Ecosystems and Habitats

This is not a curriculum.  It's a supplemental resource that could complement any science curriculum and is specified for grades 3-6.  Honestly, though, I think it could be useful on up into the upper middle school grades and beyond, especially for older students with less experience using the Internet as a learning tool.  Click here to go to the Critical Thinking Co.'s web site listing for this item.  From there you can click on "Click to Look Inside" to see the table of contents and sample pages.

What do I like?

Organization:  I want to be able to easily find what I can use in a resource without having to go through the entire publication.  The table of contents is right there and lists all the subtopics covered in each main subject.

Attention to Learning Styles:  From worksheets to online dissections to games to videos, there is something for any kind of learner.  We all know we need to hit as many learning modalities as we can to really make learning real for our kids, and I think the author of this work did an outstanding job in this area.

Critical thinking skills:  Surfing the Net:  Science is also formatted and developed in a way that promotes critical thinking skills.  The activities that accompany the web searches engage the students in really thinking about each subtopic--processing what they are seeing or playing or listening to online.  This goes way beyond the hidden word searches that are often touted as unit studies online.

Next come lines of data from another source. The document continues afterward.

(* Let $x_1,\dots,x_N \in [-1,1]^d$ with labels $y_1,\dots,y_N \in \{-1,1\}$, let $\lambda > 0$, and let $F(\beta) = \frac{1}{N}\sum_{i=1}^N \max(0, 1 - y_i \beta\cdot x_i) + \lambda\|\beta\|_2^2$, with $\beta^* = \arg\min_{\beta\in\mathbb{R}^d} F(\beta)$. Let $\mathcal K$ be the ball of radius $\frac{\sqrt d}{2\lambda}$ centered at the origin. Starting from $\beta^{(0)} = 0$, perform projected gradient descent $\beta^{(t)} = \Pi_{\mathcal K}(\beta^{(t-1)} - \eta_t \nabla F(\beta^{(t-1)}))$ with $\eta_t = \frac{1}{8\lambda\sqrt{dt}}$, and let $\widehat\beta_s = \frac{1}{s}\sum_{t=0}^{s-1}\beta^{(t)}$. Then after $T-1$ iterations, $$F(\widehat\beta_T) - F(\beta^* ) \le \frac{4 d^{3/2}}{\lambda\sqrt T}.$$
   Context: $\Pi_{\mathcal K}(\alpha) = \arg\min_{\beta\in\mathcal K}\|\alpha-\beta\|_2$. The gradient used is $\nabla F(\beta) = 2\lambda\beta - \frac{1}{N}\sum_{i:\ y_i\beta\cdot x_i \le 1} y_i x_i$ (the subgradient that counts points lying exactly on the hinge). *)

theory Defs
  imports "HOL-Analysis.Analysis"
begin

definition svm_obj :: "nat \<Rightarrow> (nat \<Rightarrow> real^'d) \<Rightarrow> (nat \<Rightarrow> real) \<Rightarrow> real \<Rightarrow> real^'d \<Rightarrow> real" where
  "svm_obj N x y lam \<beta> =
     (1 / real N) * (\<Sum>i<N. max 0 (1 - y i * (\<beta> \<bullet> x i))) + lam * (norm \<beta>)\<^sup>2"

definition svm_grad :: "nat \<Rightarrow> (nat \<Rightarrow> real^'d) \<Rightarrow> (nat \<Rightarrow> real) \<Rightarrow> real \<Rightarrow> real^'d \<Rightarrow> real^'d" where
  "svm_grad N x y lam \<beta> =
     (2 * lam) *\<^sub>R \<beta> - (1 / real N) *\<^sub>R (\<Sum>i\<in>{i. i < N \<and> y i * (\<beta> \<bullet> x i) \<le> 1}. y i *\<^sub>R x i)"

definition svm_ball :: "real \<Rightarrow> (real^'d) set" where
  "svm_ball lam = cball 0 (sqrt (real CARD('d)) / (2 * lam))"

definition svm_step :: "real \<Rightarrow> nat \<Rightarrow> nat \<Rightarrow> real" where
  "svm_step lam d t = 1 / (8 * lam * sqrt (real d * real t))"

primrec svm_pgd :: "nat \<Rightarrow> (nat \<Rightarrow> real^'d) \<Rightarrow> (nat \<Rightarrow> real) \<Rightarrow> real \<Rightarrow> nat \<Rightarrow> real^'d" where
  "svm_pgd N x y lam 0 = 0"
| "svm_pgd N x y lam (Suc t) =
     closest_point (svm_ball lam)
       (svm_pgd N x y lam t - svm_step lam CARD('d) (Suc t) *\<^sub>R svm_grad N x y lam (svm_pgd N x y lam t))"

definition svm_avg :: "nat \<Rightarrow> (nat \<Rightarrow> real^'d) \<Rightarrow> (nat \<Rightarrow> real) \<Rightarrow> real \<Rightarrow> nat \<Rightarrow> real^'d" where
  "svm_avg N x y lam s = (1 / real s) *\<^sub>R (\<Sum>t<s. svm_pgd N x y lam t)"

end

theory Submission
  imports Defs
begin

text \<open>
  The objective F is a convex hinge risk plus lam |beta|^2, so svm_grad is a subgradient with the
  strong-convexity bonus F b + g . (b' - b) + lam |b' - b|^2 <= F b'. Shrinking any beta radially
  onto K never increases F, so it suffices to compare with a point u of K. Non-expansiveness of
  the projection gives the one-step bound
    F b_t - F u <= c_(t+1) (D_t - D_(t+1)) - lam D_t + eta_(t+1) |g|^2 / 2
  with D_t = |b_t - u|^2 <= d / lam^2 and c_t = 1 / (2 eta_t) = 4 lam sqrt (d t). When telescoping,
  each gradient term is paid either by the strong-convexity term (if c_(t+1) - c_t >= lam) or by
  the growth of the weights, since sqrt (t + 1) - sqrt t >= 1 / (2 sqrt (t + 1)). Hence the regret
  after T steps is at most (d / lam^2) c_T = 4 d^(3/2) sqrt T / lam, and Jensen's inequality passes
  this to the averaged iterate.
\<close>

lemma projected_subgradient_step:
  fixes F :: "'a::{real_inner,heine_borel} \<Rightarrow> real"
  assumes K: "convex K" "closed K" "K \<noteq> {}" and u: "u \<in> K" and \<eta>: "0 < \<eta>"
    and subgradient: "F b + g \<bullet> (u - b) + \<mu> * (norm (u - b))\<^sup>2 \<le> F u"
  shows "F b - F u \<le> ((norm (b - u))\<^sup>2 - (norm (closest_point K (b - \<eta> *\<^sub>R g) - u))\<^sup>2) / (2 * \<eta>)
           - \<mu> * (norm (b - u))\<^sup>2 + \<eta> * (norm g)\<^sup>2 / 2"
proof -
  define b' where "b' = closest_point K (b - \<eta> *\<^sub>R g)"
  have "norm (b' - u) \<le> norm ((b - u) - \<eta> *\<^sub>R g)"
    using closest_point_lipschitz[OF K, of "b - \<eta> *\<^sub>R g" u] closest_point_self[OF u]
    by (simp add: b'_def dist_norm algebra_simps)
  then have "(norm (b' - u))\<^sup>2 \<le> (norm ((b - u) - \<eta> *\<^sub>R g))\<^sup>2"
    by (simp add: power_mono)
  also have "\<dots> = (norm (b - u))\<^sup>2 - 2 * \<eta> * (g \<bullet> (b - u)) + \<eta>\<^sup>2 * (norm g)\<^sup>2"
    unfolding power2_norm_eq_inner by (simp add: inner_commute algebra_simps power2_eq_square)
  finally have "g \<bullet> (b - u) \<le> ((norm (b - u))\<^sup>2 - (norm (b' - u))\<^sup>2) / (2 * \<eta>) + \<eta> * (norm g)\<^sup>2 / 2"
    using \<eta> by (simp add: field_simps power2_eq_square)
  moreover have "F b - g \<bullet> (b - u) + \<mu> * (norm (b - u))\<^sup>2 \<le> F u"
    using subgradient by (simp add: inner_diff_right norm_minus_commute)
  ultimately show ?thesis
    unfolding b'_def by linarith
qed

Complementary nature:  I love putting unit studies together, uniting a variety of resources into a set of learning experiences for my kids.  That's how I plan to best utilize Surfing the Net:  Science.  If I need a web-based learning experience that goes along with one of the subtopics covered, it's there already for the using, saving me hours of chasing rabbits and verifying the kid-friendliness of potential online destinations for my students.

What's not to like?

The unpredictability of the Internet:  As I have reviewed this resource, I found at least one link that was expired.  That's not the author's fault; it's the nature of our online world.  So, there's one more reason to preview all links before adding the kids into the learning equation.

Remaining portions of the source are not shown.